[Dataset records]
lemma A1_satisfies_bound:
  assumes "beta_star \<theta> r \<le> \<beta>"
  shows "satisfies_bound \<theta> r \<beta> (A1 \<theta> r)"
  unfolding satisfies_bound_def
proof (intro allI impI, elim conjE)
  fix p y assume p: "valid_instance \<theta> p" and y: "1 \<le> y" "y \<le> \<theta>"
  define P a where "P = pmax p" and "a = payoff (A1 \<theta> r) y p"
  have P: "1 \<le> P" "P \<le> \<theta>" using valid_instance_pmax[OF p] by (simp_all add: P_def)
  have "p \<noteq> []" using p by (simp add: valid_instance_def)
  then have "(a = 1 \<and> P < Phi1 \<theta> r y) \<or> (Phi1 \<theta> r y \<le> a \<and> a \<le> P)"
    unfolding P_def a_def A1_def by (rule payoff_threshold_alg)
  then have "r * P \<le> a \<and> P / (r * \<theta>) - \<beta> * \<bar>P - y\<bar> \<le> a"
  proof (elim conjE disjE)
    assume "a = 1" "P < Phi1 \<theta> r y"
    then have "r * P < r * Phi1 \<theta> r y" using r_pos by simp
    also have "\<dots> \<le> 1" using Phi1_le_inverse_r[OF y(2)] r_pos by (simp add: field_simps)
    finally show ?thesis using \<open>a = 1\<close> target_le_1_below_Phi1[OF assms \<open>P < Phi1 \<theta> r y\<close>] by simp
  next
    assume "Phi1 \<theta> r y \<le> a"
    moreover have "r * P \<le> Phi1 \<theta> r y" using P r_pos by (simp add: Phi1_def le_max_iff_disj)
    ultimately show ?thesis using target_le_Phi1[OF assms y(2) P(2)] by linarith
  qed
  moreover have "1 / (r * \<theta>) - \<beta> * \<bar>P - y\<bar> / P = (P / (r * \<theta>) - \<beta> * \<bar>P - y\<bar>) / P"
    using P(1) by (simp add: diff_divide_distrib)
  ultimately have "r \<le> a / P" "1 / (r * \<theta>) - \<beta> * \<bar>P - y\<bar> / P \<le> a / P"
    using P(1) by (simp_all add: pos_le_divide_eq divide_right_mono)
  then show "max r (1 / (r * \<theta>) - \<beta> * \<bar>pmax p - y\<bar> / pmax p) \<le> payoff (A1 \<theta> r) y p / pmax p"
    by (simp add: P_def a_def)
qed
(* Let $(X,\mathcal{B},T,\mu)$ be a measure-preserving dynamical system with $\mu(X)=1$, let $(Y,\mathcal{C})$ be a measurable space, and let $\tilde{T}(x,y)=(T(x),\varphi_x(y))$ be a skew product on $X\times Y$ for a family of measurable maps $\varphi_x:Y\to Y$, with a $\tilde{T}$-invariant probability measure $\Theta$ on $X\times Y$ satisfying $\Pi_X^*(\Theta)=\mu$. Let $(\Theta_x)_{x\in X}$ be the disintegration of $\Theta$ with respect to $\mu$. Let $\Omega=\prod_{n\in\mathbb{N}}Y$ with the left shift $\sigma(y_1,y_2,\dots)=(y_2,y_3,\dots)$, let $\hat{T}(x,\omega)=(T(x),\sigma(\omega))$ on $X\times\Omega$, and let $\mathbb{Q}(dx,d\omega)=\mu(dx)\mathbb{Q}_x(d\omega)$ where $\mathbb{Q}_x=\prod_{k=1}^\infty\Theta_{T^{k-1}(x)}$. Let $h:X\times Y\to\mathbb{R}$ be measurable and assume: (1) for $\mu$-a.e. $x\in X$, $h(x,\cdot)$ is not $\Theta_x$-a.s. equal to a constant; (2) $h\in L^1(\Theta)$, $\int_{X\times Y}h\,d\Theta=0$, and $\mathbb{Q}$ is $\hat{T}$-ergodic. Then for $\mu$-a.e. $x\in X$ and for $\prod_{k=1}^\infty\Theta_{T^{k-1}(x)}$-a.e. $(y_k)_{k\in\mathbb{N}}\in\prod_{\mathbb{N}}Y$, \[\liminf_{n\to\infty}\sum_{k=1}^n h(T^{k-1}(x),y_k)=-\infty\quad\text{and}\quad\limsup_{n\to\infty}\sum_{k=1}^n h(T^{k-1}(x),y_k)=+\infty.\]
   Context: The disintegration $(\Theta_x)$ of $\Theta$ with respect to $\mu$ is the family of probability measures on $Y$, defined for $\mu$-a.e. $x$, with $x\mapsto\Theta_x(C)$ measurable and $\int H\,d\Theta=\int_X\int_Y H(x,y)\,\Theta_x(dy)\,\mu(dx)$ for measurable $H\ge0$. $\Pi_X$ denotes the projection onto $X$. In this setting $\mathbb{Q}$ is a $\hat{T}$-invariant probability measure on $X\times\Omega$. *)

theory Defs
  imports "HOL-Probability.Probability"
begin

definition preserves :: "'a measure \<Rightarrow> ('a \<Rightarrow> 'a) \<Rightarrow> bool" where
  "preserves P f \<longleftrightarrow> f \<in> P \<rightarrow>\<^sub>M P \<and> distr P P f = P"

definition ergodic :: "'a measure \<Rightarrow> ('a \<Rightarrow> 'a) \<Rightarrow> bool" where
  "ergodic P f \<longleftrightarrow> preserves P f \<and>
     (\<forall>A \<in> sets P. f -` A \<inter> space P = A \<longrightarrow> measure P A = 0 \<or> measure P A = 1)"
(* Let $(\alpha_N)_{N\in\mathbb{N}}$ be an increasing sequence of positive real numbers with $\alpha_N\to\infty$. Let $\{[a_1,b_1),[a_2,b_2),\dots\}$ be a countable collection of pairwise disjoint intervals contained in $[0,1]$ with $\sum_n(b_n-a_n)=l\leq1$. Let $Z$ be a standard normal random variable. Then for every $N$, $$\left|\mathbb{P}\Big(\alpha_N Z\in\bigcup_{k\in\mathbb{Z}}\bigcup_{n}[a_n+k,b_n+k)\Big)-l\right|<4\exp(-2\pi^2\alpha_N^2).$$ *)

theory Defs
  imports "HOL-Probability.Probability"
begin

end

theory Submission
  imports Defs
begin

(* Write \<sigma> = alpha N. The set U = \<Union>k \<in> \<int>. \<Union>n. [a n + k, b n + k) is 1-periodic and
   U \<inter> [0, 1) = S = \<Union>n. [a n, b n), a set of measure l. Folding the density of \<sigma> Z onto [0, 1)
   gives P(\<sigma> Z \<in> U) = \<integral>\<^sub>S W, where W x = \<Sum>k \<in> \<int>. \<phi>\<^sub>\<sigma>(x + k) is the wrapped normal density.
   The Fourier coefficients of W are values of the characteristic function of \<sigma> Z, so by uniqueness
   of Fourier coefficients (Poisson summation) W x = 1 + 2 \<Sum>m\<ge>1. q^(m\<^sup>2) cos (2 \<pi> m x)
   with q = exp (-2 \<pi>\<^sup>2 \<sigma>\<^sup>2). Hence |W - 1| \<le> 2q/(1 - q) and |P(\<sigma> Z \<in> U) - l| \<le> 2q/(1 - q) l,
   which is below 4q when q \<le> 1/4; for q > 1/4 the trivial bound 1 suffices. *)

lemma set_integral_FTC_real:
  fixes f F :: "real \<Rightarrow> real"
  assumes "a \<le> b" and "\<And>x. (F has_real_derivative f x) (at x)" and "continuous_on {a..b} f"
  shows "(LBINT x:{a..b}. f x) = F b - F a"
  unfolding set_lebesgue_integral_def
  by (rule integral_FTC_atLeastAtMost)
     (use assms in \<open>auto simp: has_real_derivative_iff_has_vector_derivative[symmetric]
                          intro: has_field_derivative_at_within\<close>)

lemma set_integral_reflect_01:
  fixes f :: "real \<Rightarrow> real"
  shows "(LBINT x:{0..1}. f (1 - x)) = (LBINT x:{0..1}. f x)"
proof -
  have "(LBINT x:{0..1}. f x) = \<bar>- 1\<bar> *\<^sub>R (LBINT x:{0..1}. f (1 + - 1 * x))"
    unfolding set_lebesgue_integral_def
    by (subst lborel_integral_real_affine[where c="-1" and t=1])
       (auto intro!: Bochner_Integration.integral_cong split: split_indicator)
  then show ?thesis by simp
qed

lemma continuous_on_reflect_01:
  fixes D :: "real \<Rightarrow> 'a::topological_space"
  assumes "continuous_on {0..1} D"
  shows "continuous_on {0..1} (\<lambda>x. D (1 - x))"
proof -
  have "continuous_on {0..1} (\<lambda>x::real. 1 - x)"
    by (intro continuous_intros)
  then show ?thesis
    by (rule continuous_on_compose2[OF assms]) auto
qed

lemma set_integral_closed_open_unit:
  fixes f :: "real \<Rightarrow> real"
  assumes [measurable]: "f \<in> borel_measurable borel"
  shows "(LBINT x:{0..<1}. f x) = (LBINT x:{0..1}. f x)"
  unfolding set_lebesgue_integral_def
proof (rule integral_cong_AE)
  show "AE x in lborel. indicator {0..<1} x *\<^sub>R f x = indicator {0..1} x *\<^sub>R f x"
    using AE_lborel_singleton[of 1] by eventually_elim (auto simp: indicator_def)
qed measurable

lemma cos_2pi_int_reflect:
  fixes k :: int
  shows "cos (2 * pi * k * (1 - x)) = cos (2 * pi * k * x)"
proof -
  have "2 * pi * k * (1 - x) = 2 * pi * k - 2 * pi * k * x"
    by (simp add: algebra_simps)
  then show ?thesis
    using cos_int_2pin[of k] sin_int_2pin[of k] by (simp add: cos_diff)
qed

lemma sin_2pi_int_reflect:
  fixes k :: int
  shows "sin (2 * pi * k * (1 - x)) = - sin (2 * pi * k * x)"
proof -
  have "2 * pi * k * (1 - x) = 2 * pi * k - 2 * pi * k * x"
    by (simp add: algebra_simps)
  then show ?thesis
    using cos_int_2pin[of k] sin_int_2pin[of k] by (simp add: sin_diff)
qed

lemma cos_2pi_int_shift:
  fixes m k :: int and x :: real
  shows "cos (2 * pi * m * (x + k)) = cos (2 * pi * m * x)"
proof -
  have "2 * pi * m * (x + k) = 2 * pi * m * x + 2 * pi * of_int (m * k)"
    by (simp add: algebra_simps)
  moreover have "cos (2 * pi * of_int (m * k)) = 1" "sin (2 * pi * of_int (m * k)) = 0"
    by (rule cos_int_2pin, rule sin_int_2pin)
  ultimately show ?thesis
    by (simp only: cos_add)
qed

lemma sin_2pi_int_shift:
  fixes m k :: int and x :: real
  shows "sin (2 * pi * m * (x + k)) = sin (2 * pi * m * x)"
proof -
  have "2 * pi * m * (x + k) = 2 * pi * m * x + 2 * pi * of_int (m * k)"
    by (simp add: algebra_simps)
  moreover have "cos (2 * pi * of_int (m * k)) = 1" "sin (2 * pi * of_int (m * k)) = 0"
    by (rule cos_int_2pin, rule sin_int_2pin)
  ultimately show ?thesis
    by (simp only: sin_add)
qed

lemma set_integral_cos_2pi_int:
  fixes k :: int
  shows "(LBINT x:{0..1}. cos (2 * pi * k * x)) = (if k = 0 then 1 else 0)"
proof (cases "k = 0")
  case False
  have "(LBINT x:{0..1}. cos (2 * pi * k * x))
      = sin (2 * pi * k * 1) / (2 * pi * k) - sin (2 * pi * k * 0) / (2 * pi * k)"
    by (rule set_integral_FTC_real)
       (use False in \<open>auto intro!: derivative_eq_intros continuous_intros\<close>)
  then show ?thesis
    using False sin_int_2pin[of k] by simp
next
  case True
  then show ?thesis
    by (simp add: set_lebesgue_integral_def)
qed

lemma set_integral_sin_2pi_int:
  fixes k :: int
  shows "(LBINT x:{0..1}. sin (2 * pi * k * x)) = 0"
proof (cases "k = 0")
  case False
  have "(LBINT x:{0..1}. sin (2 * pi * k * x))
      = - cos (2 * pi * k * 1) / (2 * pi * k) - - cos (2 * pi * k * 0) / (2 * pi * k)"
    by (rule set_integral_FTC_real)
       (use False in \<open>auto intro!: derivative_eq_intros continuous_intros\<close>)
  then show ?thesis
    using cos_int_2pin[of k] by simp
qed simp

lemma set_integral_cos_cos_2pi_nat:
  fixes j k :: nat
  shows "(LBINT x:{0..1}. cos (2 * pi * j * x) * cos (2 * pi * k * x))
       = (if j = k then if k = 0 then 1 else 1 / 2 else 0)"
proof -
  have "cos (2 * pi * j * x) * cos (2 * pi * k * x)
      = cos (2 * pi * (int j - int k) * x) / 2 + cos (2 * pi * (int j + int k) * x) / 2" for x
    by (simp add: cos_times_cos algebra_simps add_divide_distrib)
  then have "(LBINT x:{0..1}. cos (2 * pi * j * x) * cos (2 * pi * k * x))
      = (LBINT x:{0..1}. cos (2 * pi * (int j - int k) * x)) / 2
        + (LBINT x:{0..1}. cos (2 * pi * (int j + int k) * x)) / 2"
    by (simp add: borel_integrable_atLeastAtMost' continuous_intros)
  then show ?thesis
    by (simp only: set_integral_cos_2pi_int) auto
qed

lemma set_integral_cos_sin_2pi_nat:
  fixes j k :: nat
  shows "(LBINT x:{0..1}. cos (2 * pi * j * x) * sin (2 * pi * k * x)) = 0"
proof -
  have "cos (2 * pi * j * x) * sin (2 * pi * k * x)
      = sin (2 * pi * (int j + int k) * x) / 2 - sin (2 * pi * (int j - int k) * x) / 2" for x
    by (simp add: cos_times_sin algebra_simps diff_divide_distrib)
  then have "(LBINT x:{0..1}. cos (2 * pi * j * x) * sin (2 * pi * k * x))
      = (LBINT x:{0..1}. sin (2 * pi * (int j + int k) * x)) / 2
        - (LBINT x:{0..1}. sin (2 * pi * (int j - int k) * x)) / 2"
    by (simp add: borel_integrable_atLeastAtMost' continuous_intros)
  then show ?thesis
    using set_integral_sin_2pi_int[of "int j + int k"] set_integral_sin_2pi_int[of "int j - int k"]
    by simp
qed

section \<open>Uniqueness of Fourier coefficients\<close>

lemma cos_power_times_cos_orthogonal:
  fixes k :: int
  assumes F: "continuous_on {0..1} F"
    and orth: "\<And>k::int. (LBINT x:{0..1}. F x * cos (2 * pi * k * x)) = 0"
  shows "(LBINT x:{0..1}. F x * (cos (2 * pi * x) ^ n * cos (2 * pi * k * x))) = 0"
proof (induction n arbitrary: k)
  case 0
  show ?case using orth by simp
next
  case (Suc n)
  let ?g = "\<lambda>j x. F x * (cos (2 * pi * x) ^ n * cos (2 * pi * of_int j * x))"
  have halve: "u * (v * ((A + B) / 2)) = u * (v * A) / 2 + u * (v * B) / 2" for u v A B :: real
    by (simp add: ring_distribs add_divide_distrib)
  have "F x * (cos (2 * pi * x) ^ Suc n * cos (2 * pi * k * x)) = ?g (k - 1) x / 2 + ?g (k + 1) x / 2" for x
  proof -
    have "2 * pi * k * x - 2 * pi * x = 2 * pi * of_int (k - 1) * x"
      and "2 * pi * k * x + 2 * pi * x = 2 * pi * of_int (k + 1) * x"
      by (simp_all add: algebra_simps)
    then have product: "cos (2 * pi * x) * cos (2 * pi * k * x)
        = (cos (2 * pi * of_int (k - 1) * x) + cos (2 * pi * of_int (k + 1) * x)) / 2"
      using cos_times_cos[of "2 * pi * k * x" "2 * pi * x"] by (simp only: mult.commute)
    have "F x * (cos (2 * pi * x) ^ Suc n * cos (2 * pi * k * x))
        = F x * (cos (2 * pi * x) ^ n * (cos (2 * pi * x) * cos (2 * pi * k * x)))"
      by (simp add: mult_ac)
    also have "\<dots> = ?g (k - 1) x / 2 + ?g (k + 1) x / 2"
      unfolding product by (rule halve)
    finally show ?thesis .
  qed
  moreover have "set_integrable lborel {0..1} (?g j)" for j
    by (intro borel_integrable_atLeastAtMost' continuous_intros F)
  ultimately show ?case
    using Suc.IH by (simp del: of_int_add of_int_diff)
qed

# ABOUT THIS EXERCISE
Using only the entries above, output the line with "imports Defs", the line with "U \<inter> [0, 1)", and all lines between them, exactly as they stand.

# SOLUTION TO THIS EXERCISE
  imports Defs
begin

(* Write \<sigma> = alpha N. The set U = \<Union>k \<in> \<int>. \<Union>n. [a n + k, b n + k) is 1-periodic and
   U \<inter> [0, 1) = S = \<Union>n. [a n, b n), a set of measure l. Folding the density of \<sigma> Z onto [0, 1)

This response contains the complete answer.